[Your assignment]
Output only the lines of the entries that follow, starting at the one with "fix s t :: nat" and running down to the one with "real (gen_schur ([s, t]", both included and unchanged.

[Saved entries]
theorem corollary2:
  shows "(\<forall>ks :: nat list. ks \<noteq> [] \<longrightarrow> (\<forall>k\<in>set ks. k \<ge> 3) \<longrightarrow>
           (\<exists>C :: real. C > 0 \<and>
              (\<forall>\<^sub>F u in at_top.
                 real (gen_schur (ks @ [u])) \<le>
                   C * real u ^ (sum_list (map (\<lambda>k. k - 2) ks) + 1)
                     / ln (real u) ^ sum_list (map (\<lambda>k. k - 2) ks) - 1)))
       \<and> (\<forall>s t :: nat. 3 \<le> s \<longrightarrow> s \<le> t \<longrightarrow>
           (\<exists>C :: real. C > 0 \<and>
              (\<forall>\<^sub>F u in at_top.
                 real (gen_schur [s, t, u]) \<le>
                   C * real u ^ (s + t - 3) / ln (real u) ^ (s + t - 4) - 1)))"
proof (intro conjI allI impI)
  fix ks :: "nat list"
  assume "\<forall>k\<in>set ks. k \<ge> 3"
  then show "\<exists>C :: real. C > 0 \<and>
              (\<forall>\<^sub>F u in at_top.
                 real (gen_schur (ks @ [u])) \<le>
                   C * real u ^ (sum_list (map (\<lambda>k. k - 2) ks) + 1)
                     / ln (real u) ^ sum_list (map (\<lambda>k. k - 2) ks) - 1)"
    by (intro gen_schur_snoc_bound) auto
next
  fix s t :: nat
  assume "3 \<le> s" "s \<le> t"
  then have "s + t - 3 = (s + t - 4) + 1"
    by simp
  moreover have "\<exists>C > 0. \<forall>\<^sub>F u in at_top.
      real (gen_schur ([s, t] @ [u])) \<le> C * real u ^ (s + t - 4 + 1) / ln (real u) ^ (s + t - 4) - 1"
    using \<open>3 \<le> s\<close> \<open>s \<le> t\<close> by (intro gen_schur_snoc_bound) auto
  ultimately show "\<exists>C :: real. C > 0 \<and>
              (\<forall>\<^sub>F u in at_top.
                 real (gen_schur [s, t, u]) \<le>
                   C * real u ^ (s + t - 3) / ln (real u) ^ (s + t - 4) - 1)"
    by simp
qed

end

[Result of the task]
  fix s t :: nat
  assume "3 \<le> s" "s \<le> t"
  then have "s + t - 3 = (s + t - 4) + 1"
    by simp
  moreover have "\<exists>C > 0. \<forall>\<^sub>F u in at_top.
      real (gen_schur ([s, t] @ [u])) \<le> C * real u ^ (s + t - 4 + 1) / ln (real u) ^ (s + t - 4) - 1"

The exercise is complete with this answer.